Hellen Ruiz, coordinator of the treatment area of the State National Children’s Institute, which cares for some 200 child solvents and illegal drug addicts in special hostels, said best idea would be the addition of a substance which would not affect those working with the product, but which would repel those inhaling it.

However, although she denied being an expert on the issue, Ruiz said the worst problem is the consumption of crack and other substances included under the drug law, which cause irreversible effects on the children.

The Cedocap director said it must be taken into account that they are dealing here with physically and psychologically destroyed children and addicts with withdrawal symptoms, who cannot be dealt with simply by reductionist schemes.

Behind each ill child there is an ill family and an ill society, said Pereira, and the worst that could happen would be to fall into “privatising the problem.”

Frank, unenthusiastically skimmed over just such a story to IPS. He spoke about his mother: “she was very good, eh, she loved me loads, but we suffered a lot of hunger together, me and my four brothers and sisters, even when I helped her.”

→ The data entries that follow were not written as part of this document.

lemma lower_bd_le_prod:
  fixes x :: "nat \<Rightarrow> real"
  assumes "2 \<le> n" "sdev n x * sqrt (real n - 1) < mean n x"
  shows "lower_bd n (mean n x) (sdev n x) \<le> (\<Prod>i<n. x i)"
proof -
  define s where "s = sdev n x / sqrt (real n - 1)"
  have "(real n - 1) * s = sdev n x * sqrt (real n - 1)"
    unfolding s_def using assms(1) by (simp add: mult_div_sqrt)
  then show ?thesis
    using prod_spike_seq_le_prod[OF assms(1) refl variance_eq_sdev_div_sqrt[OF assms(1)]] assms
    by (simp add: s_def sdev_nonneg lower_bd_eq_prod_spike_seq)
qed

lemma lower_bd_nonpos:
  assumes "2 \<le> n" "0 < \<mu>" "0 \<le> \<sigma>" "\<mu> \<le> \<sigma> * sqrt (real n - 1)"
  shows "lower_bd n \<mu> \<sigma> \<le> 0"
  using assms unfolding lower_bd_def by (intro mult_nonpos_nonneg) simp_all

lemma lower_bd_neg:
  assumes "2 \<le> n" "0 < \<mu>" "\<mu> < \<sigma> * sqrt (real n - 1)"
  shows "lower_bd n \<mu> \<sigma> < 0"
proof -
  have "0 < \<sigma> * sqrt (real n - 1)"
    using assms(2,3) by linarith
  then have "0 < \<sigma>"
    using assms(1) by (auto simp: zero_less_mult_iff)
  then show ?thesis
    using assms unfolding lower_bd_def by (intro mult_neg_pos zero_less_power add_pos_pos) simp_all
qed

lemma lower_bd_le_prod_if_pos:
  fixes x :: "nat \<Rightarrow> real"
  assumes "2 \<le> n" "\<forall>i<n. 0 < x i"
  shows "lower_bd n (mean n x) (sdev n x) \<le> (\<Prod>i<n. x i)"
proof (cases "sdev n x * sqrt (real n - 1) < mean n x")
  case False
  have "0 < mean n x"
    using assms by (intro mean_pos) simp_all
  then have "lower_bd n (mean n x) (sdev n x) \<le> 0"
    using False assms(1) by (intro lower_bd_nonpos) (simp_all add: sdev_nonneg)
  also have "0 \<le> (\<Prod>i<n. x i)"
    using assms(2) by (intro prod_nonneg) (simp add: less_imp_le)
  finally show ?thesis .
qed (use lower_bd_le_prod assms in blast)

lemma sdev_less_if_pos:
  fixes x :: "nat \<Rightarrow> real"
  assumes "2 \<le> n" "\<forall>i<n. 0 < x i"
  shows "sdev n x < sqrt (real n - 1) * mean n x"
proof -
  have "0 < mean n x"
    using assms by (intro mean_pos) simp_all
  moreover have "(sdev n x)^2 < (sqrt (real n - 1) * mean n x)^2"
    using variance_less_if_pos[OF assms] assms(1) by (simp add: sdev_squared power_mult_distrib)
  ultimately show ?thesis
    using assms(1) power2_less_imp_less[of "sdev n x"] by simp
qed

lemma exists_pos_seq_prod_eq_lower_bd:
  assumes "2 \<le> n" "0 \<le> \<sigma>" "\<sigma> * sqrt (real n - 1) < \<mu>"
  shows "\<exists>x. (\<forall>i<n. 0 < x i) \<and> mean n x = \<mu> \<and> variance n x = \<sigma>^2 \<and> (\<Prod>i<n. x i) = lower_bd n \<mu> \<sigma>"
proof -
  have "0 \<le> \<sigma> * sqrt (real n - 1)" "0 \<le> \<sigma> / sqrt (real n - 1)"
    using assms(1,2) by simp_all
  moreover from this(1) have "0 < \<mu>"
    using assms(3) by linarith
  ultimately have "\<forall>i. 0 < spike_seq n \<mu> (- (\<sigma> / sqrt (real n - 1))) i"
    using assms(1,3) by (simp add: spike_seq_def mult_div_sqrt add_pos_nonneg)
  then show ?thesis
    using assms(1)
    by (intro exI[of _ "spike_seq n \<mu> (- (\<sigma> / sqrt (real n - 1)))"])
      (simp add: mean_spike_seq variance_spike_seq power_divide lower_bd_eq_prod_spike_seq)
qed

lemma exists_pos_seq_prod_eq_upper_bd:
  assumes "2 \<le> n" "0 \<le> \<sigma>" "\<sigma> < sqrt (real n - 1) * \<mu>"
  shows "\<exists>x. (\<forall>i<n. 0 < x i) \<and> mean n x = \<mu> \<and> variance n x = \<sigma>^2 \<and> (\<Prod>i<n. x i) = upper_bd n \<mu> \<sigma>"
proof -
  have "\<sigma> / sqrt (real n - 1) < \<mu>"
    using assms by (simp add: divide_less_eq mult.commute)
  then show ?thesis
    using assms
    by (intro exI[of _ "spike_seq n \<mu> (\<sigma> / sqrt (real n - 1))"])
      (simp add: spike_seq_pos mean_spike_seq variance_spike_seq power_divide upper_bd_eq_prod_spike_seq)
qed

lemma Inf_prod_pos_seqs:
  assumes "2 \<le> n" "0 < \<mu>" "0 \<le> \<sigma>" "\<sigma> < sqrt (real n - 1) * \<mu>"
  shows "max 0 (lower_bd n \<mu> \<sigma>)
    = Inf {(\<Prod>i<n. x i) | x. (\<forall>i<n. 0 < x i) \<and> mean n x = \<mu> \<and> variance n x = \<sigma>^2}"
    (is "_ = Inf ?X")
proof -
  have lower: "max 0 (lower_bd n \<mu> \<sigma>) \<le> y" if y: "y \<in> ?X" for y
  proof -
    obtain x where x: "y = (\<Prod>i<n. x i)" "\<forall>i<n. 0 < x i" "mean n x = \<mu>" "variance n x = \<sigma>^2"
      using y by blast
    then have "sdev n x = \<sigma>"
      using assms(3) by (simp add: sdev_def)
    then show ?thesis
      using lower_bd_le_prod_if_pos[OF assms(1) x(2)] x prod_nonneg[of "{..<n}" x] by force
  qed
  show ?thesis
  proof (cases "\<sigma> * sqrt (real n - 1) < \<mu>")
    case True
    then obtain x where "\<forall>i<n. 0 < x i" "mean n x = \<mu>" "variance n x = \<sigma>^2" "(\<Prod>i<n. x i) = lower_bd n \<mu> \<sigma>"
      using exists_pos_seq_prod_eq_lower_bd[OF assms(1,3)] by blast
    then have "lower_bd n \<mu> \<sigma> \<in> ?X"
      by force
    then show ?thesis
      using lower by (intro cInf_eq_minimum[symmetric]) auto
  next
    case False
    have "Inf ?X = 0"
    proof (rule cInf_eq_non_empty)
      show "?X \<noteq> {}"
        using exists_pos_seq_prod_eq_upper_bd[OF assms(1,3,4)] by blast
      show "0 \<le> y" if "y \<in> ?X" for y
        using lower[OF that] by simp
      show "y \<le> 0" if lower_y: "\<And>z. z \<in> ?X \<Longrightarrow> y \<le> z" for y
      proof (rule ccontr)
        assume "\<not> y \<le> 0"
        then have "\<mu> \<le> \<sigma> * sqrt (real n - 1)" "0 < y"
          using False by simp_all
        then obtain x where x: "\<forall>i<n. 0 < x i" "mean n x = \<mu>" "variance n x = \<sigma>^2" "(\<Prod>i<n. x i) < y"
          using exists_pos_seq_prod_less[OF assms(1,3,4)] by blast
        then have "(\<Prod>i<n. x i) \<in> ?X"
          by (auto intro!: exI[of _ x])
        then have "y \<le> (\<Prod>i<n. x i)"
          by (rule lower_y)
        with x(4) show False
          by simp
      qed
    qed
    moreover have "lower_bd n \<mu> \<sigma> \<le> 0"
      using False assms(1-3) by (intro lower_bd_nonpos) simp_all
    ultimately show ?thesis
      by simp
  qed
qed

lemma cv_less_iffs:
  fixes \<mu> \<sigma> :: real
  assumes "2 \<le> n" "0 < \<mu>"
  shows "\<sigma> / \<mu> < 1 / sqrt (real n - 1) \<longleftrightarrow> \<sigma> * sqrt (real n - 1) < \<mu>"
    and "\<sigma> / \<mu> < sqrt (real n - 1) \<longleftrightarrow> \<sigma> < sqrt (real n - 1) * \<mu>"
    and "1 / sqrt (real n - 1) < \<sigma> / \<mu> \<longleftrightarrow> \<mu> < \<sigma> * sqrt (real n - 1)"
    and "0 \<le> \<sigma> \<Longrightarrow> \<sigma> * sqrt (real n - 1) < \<mu> \<Longrightarrow> \<sigma> < sqrt (real n - 1) * \<mu>"
proof -
  let ?r = "sqrt (real n - 1)"
  have "1 \<le> ?r" "1 \<le> ?r * ?r"
    using assms(1) by simp_all
  then show "\<sigma> / \<mu> < 1 / ?r \<longleftrightarrow> \<sigma> * ?r < \<mu>" "\<sigma> / \<mu> < ?r \<longleftrightarrow> \<sigma> < ?r * \<mu>"
    "1 / ?r < \<sigma> / \<mu> \<longleftrightarrow> \<mu> < \<sigma> * ?r"
    using assms(2) by (simp_all add: field_simps)
  assume "0 \<le> \<sigma>" "\<sigma> * ?r < \<mu>"
  have "\<sigma> \<le> \<sigma> * (?r * ?r)"
    using \<open>0 \<le> \<sigma>\<close> \<open>1 \<le> ?r * ?r\<close> mult_left_mono[of 1 "?r * ?r" \<sigma>] by simp
  also have "\<dots> = (\<sigma> * ?r) * ?r"
    by (simp only: mult.assoc)
  also have "\<dots> < \<mu> * ?r"
    using \<open>\<sigma> * ?r < \<mu>\<close> \<open>1 \<le> ?r\<close> by (intro mult_strict_right_mono) simp_all
  finally show "\<sigma> < ?r * \<mu>"
    by (simp only: mult.commute)
qed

But when she brought a man back to the shack they lived in on a steep hillside in western Caracas, he began to deal out the beatings “for nothing, but mostly when he got drunk,” until Frank stopped going back.

Frank has been living on the streets for more than a year, surviving by begging “because I’m no thief, I’m decent” resorting to an empty drinks can with glue inside as the best form of getting “out of it” he knows.

He had no idea there was a song for children like him by a famous group, and the music awakens the interest of his group of four “colleagues,” although they are not so interested in the lyrics which say “get up glue sniffer…I dedicate this song to you.”

“You walk through the streets of the world/ as though you were a tramp/ running at a thousand per second,” says the Sandy and Papo song, played on many local radio stations.

“Life, the world, the city, the neighbourhood/ the people who live there and what goes on inside/ death, robberies and without details/ the forces of evil ruling the street,” says another part of the Dominican technomerengue, before calling on “the people of Venezuela to reach out their hands, give them love and happiness.”

“Children who don’t know what food is/ who spend the day looking for glue/ who have no work and don’t go to school,” sing Sandy and Papo, concluding there are “glue sniffing children in dead end streets/ looking for a way to live on the street/ and sniffing glue to survive/ in their world/ their world of fantasy.”